## Required action
Needed from the data below: all lines that contain the word "lambda".

## Provided records
lemma H_carrier_pure_tensor_expansion:
  assumes "x \<in> H_carrier G Cl"
  obtains K a c where "x = (\<lambda>n w. a * Hunit n w +
      (\<Sum>xs | set xs \<subseteq> letters \<and> length xs < K. c xs * pure_tensor \<iota> xs n w))"
proof -
  have x_scf: "x n \<in> scf_pow G Cl (n - 1)" for n
    using assms by (simp add: H_carrier_def)
  obtain K where K: "\<And>n. K \<le> n \<Longrightarrow> x n = (\<lambda>w. 0)"
    using H_carrier_bounded[OF assms] by blast
  let ?X = "{xs. set xs \<subseteq> letters \<and> length xs < K}"
  have "\<forall>k. \<exists>c. \<forall>w. x (Suc k) w =
          (\<Sum>xs | set xs \<subseteq> letters \<and> length xs = k. c xs * tensor (basis_fun \<iota>) xs w)"
    using scf_pow_tensor_expansion[OF x_scf[of "Suc _"]] by simp
  from choice[OF this] obtain cf where cf: "\<forall>k w. x (Suc k) w =
          (\<Sum>xs | set xs \<subseteq> letters \<and> length xs = k. cf k xs * tensor (basis_fun \<iota>) xs w)"
    by blast
  define a where "a = x 0 []"
  define c where "c xs = cf (length xs) xs" for xs
  have finite_X: "finite ?X"
    using finite_lists_length_le[OF finite_letters, of K]
    by (rule finite_subset[rotated]) auto
  have "x n w = a * Hunit n w + (\<Sum>xs\<in>?X. c xs * pure_tensor \<iota> xs n w)" for n w
  proof (cases n)
    case 0
    then show ?thesis
      using scf_pow_vanish[OF x_scf[of 0], of w] by (cases w) (simp_all add: a_def Hunit_def)
  next
    case (Suc k)
    have "(\<Sum>xs\<in>?X. c xs * pure_tensor \<iota> xs n w) =
          (\<Sum>xs\<in>{xs \<in> ?X. length xs = k}. cf k xs * tensor (basis_fun \<iota>) xs w)"
      unfolding Suc sum_pure_tensor_Suc[OF finite_X] by (intro sum.cong) (simp_all add: c_def)
    also have "\<dots> = x n w"
    proof (cases "k < K")
      case True
      then have lists_k: "{xs \<in> ?X. length xs = k} = {xs. set xs \<subseteq> letters \<and> length xs = k}"
        by auto
      show ?thesis unfolding lists_k using Suc cf by simp
    next
      case False
      then have empty: "{xs \<in> ?X. length xs = k} = {}" by auto
      show ?thesis unfolding empty using Suc K[of n] False by simp
    qed
    finally show ?thesis using Suc by (simp add: Hunit_def)
  qed
  then show thesis using that[of a c K] by (simp add: fun_eq_iff)
qed

lemma H_carrier_subset_hspan: "H_carrier G Cl \<subseteq> hspan (monomial \<iota>) (lists (lists (Cl - {B0})))"
proof
  fix x assume "x \<in> H_carrier G Cl"
  then obtain K a c where x: "x = (\<lambda>n w. a * Hunit n w +
      (\<Sum>xs | set xs \<subseteq> letters \<and> length xs < K. c xs * pure_tensor \<iota> xs n w))"
    by (rule H_carrier_pure_tensor_expansion)
  define X where "X = {xs. set xs \<subseteq> letters \<and> length xs < K}"
  define e where "e bss = (if bss = [] then a else c (join_None bss))" for bss
  have "finite X"
    using finite_lists_length_le[OF finite_letters, of K]
    by (rule finite_subset[rotated]) (auto simp: X_def)
  have inj: "inj_on split_None X"
    by (rule inj_on_inverseI[where g = join_None]) (rule join_split_None)
  have nil: "[] \<notin> split_None ` X"
    using split_None_not_Nil by (metis imageE)
  have x_comb: "x = hcomb (monomial \<iota>) (insert [] (split_None ` X)) e"
  proof (intro ext)
    fix n w
    have "hcomb (monomial \<iota>) (insert [] (split_None ` X)) e n w =
          e [] * monomial \<iota> [] n w + (\<Sum>bss\<in>split_None ` X. e bss * monomial \<iota> bss n w)"
      using \<open>finite X\<close> nil by (simp add: hcomb_def)
    also have "e [] * monomial \<iota> [] n w = a * Hunit n w"
      by (simp add: e_def monomial_def)
    also have "(\<Sum>bss\<in>split_None ` X. e bss * monomial \<iota> bss n w) =
               (\<Sum>xs\<in>X. c xs * pure_tensor \<iota> xs n w)"
      by (simp add: sum.reindex[OF inj] e_def monomial_def join_split_None split_None_not_Nil)
    finally show "x n w = hcomb (monomial \<iota>) (insert [] (split_None ` X)) e n w"
      by (simp add: x X_def)
  qed
  have "split_None xs \<in> lists (lists (Cl - {B0}))" if "xs \<in> X" for xs
    using that by (intro split_None_in_lists) (simp add: X_def letters_def)
  then have "insert [] (split_None ` X) \<subseteq> lists (lists (Cl - {B0}))" by auto
  with \<open>finite X\<close> x_comb show "x \<in> hspan (monomial \<iota>) (lists (lists (Cl - {B0})))"
    unfolding hspan_def
    by (intro CollectI exI[of _ "insert [] (split_None ` X)"] exI[of _ e]) simp
qed

theorem H_free_algebra: "H_free_algebra G Cl \<iota>"
proof -
  let ?L = "lists (lists (Cl - {B0}))"
  define Z where "Z = generator \<iota> ` lists (Cl - {B0})"
  have words: "Hword \<iota> \<circ> map (generator \<iota>) = monomial \<iota>"
    by (simp add: fun_eq_iff Hword_map_generator)
  have inj: "inj_on (map (generator \<iota>)) ?L"
    using hindep_inj_on[OF monomial_hindep] unfolding words[symmetric] by (rule inj_on_imageI2)
  have lists_Z: "map (generator \<iota>) ` ?L = lists Z"
    by (simp add: Z_def lists_image)
  show ?thesis
  proof (rule H_free_algebraI)
    show "Z \<subseteq> H_carrier G Cl" using generator_in_H_carrier by (auto simp: Z_def)
    show "hindep (Hword \<iota>) (lists Z)"
      using inj lists_Z monomial_hindep unfolding words[symmetric]
      by (intro hindep_reindex[where f = "map (generator \<iota>)"]) (auto simp: bij_betw_def)
    show "H_carrier G Cl \<subseteq> hspan (Hword \<iota>) (lists Z)"
      using H_carrier_subset_hspan hspan_reindex[OF inj, of "lists Z" "Hword \<iota>"] lists_Z words
      by simp
  qed
qed

end

theorem mainTheorem2:
  fixes G :: "('g, 'b) monoid_scheme" and Cl :: "'g set set" and Ch :: "('g \<Rightarrow> complex) set"
    and \<iota> \<alpha> \<beta> :: "'g \<Rightarrow> complex"
  assumes "group G" and "finite (carrier G)"
    and "supercharacter_theory G Cl Ch"
    and "\<iota> \<in> scf G Cl" and "\<alpha> \<in> scf G Cl" and "\<beta> \<in> scf G Cl"
    and "cinner G \<iota> \<alpha> = 1" and "cinner G \<iota> \<beta> = 1"
  shows "H_free_algebra G Cl \<iota>"
proof -
  have "\<Union>Cl = carrier G" "\<forall>B\<in>Cl. B \<noteq> {}" "\<forall>B\<in>Cl. \<forall>C\<in>Cl. B \<noteq> C \<longrightarrow> B \<inter> C = {}"
    using assms(3) unfolding supercharacter_theory_def by blast+
  then have partition: "partition_on (carrier G) Cl"
    by (intro partition_onI) (auto simp: disjnt_def)
  have "(\<Sum>g\<in>carrier G. \<iota> g * cnj (\<alpha> g)) \<noteq> 0"
    using assms(7) by (auto simp: cinner_def)
  then obtain b0 where "b0 \<in> carrier G" "\<iota> b0 * cnj (\<alpha> b0) \<noteq> 0"
    by (meson sum.neutral)
  then have b0: "b0 \<in> carrier G" "\<iota> b0 \<noteq> 0" by auto
  then obtain B0 where "B0 \<in> Cl" "b0 \<in> B0"
    using partition_onD1[OF partition] by blast
  then interpret scf_block_basis G Cl \<iota> B0 b0
    by unfold_locales (use partition assms(2,4) b0(2) in auto)
  show ?thesis by (rule H_free_algebra)
qed

end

## Answer section
  obtains K a c where "x = (\<lambda>n w. a * Hunit n w +
  obtain K where K: "\<And>n. K \<le> n \<Longrightarrow> x n = (\<lambda>w. 0)"
  then obtain K a c where x: "x = (\<lambda>n w. a * Hunit n w +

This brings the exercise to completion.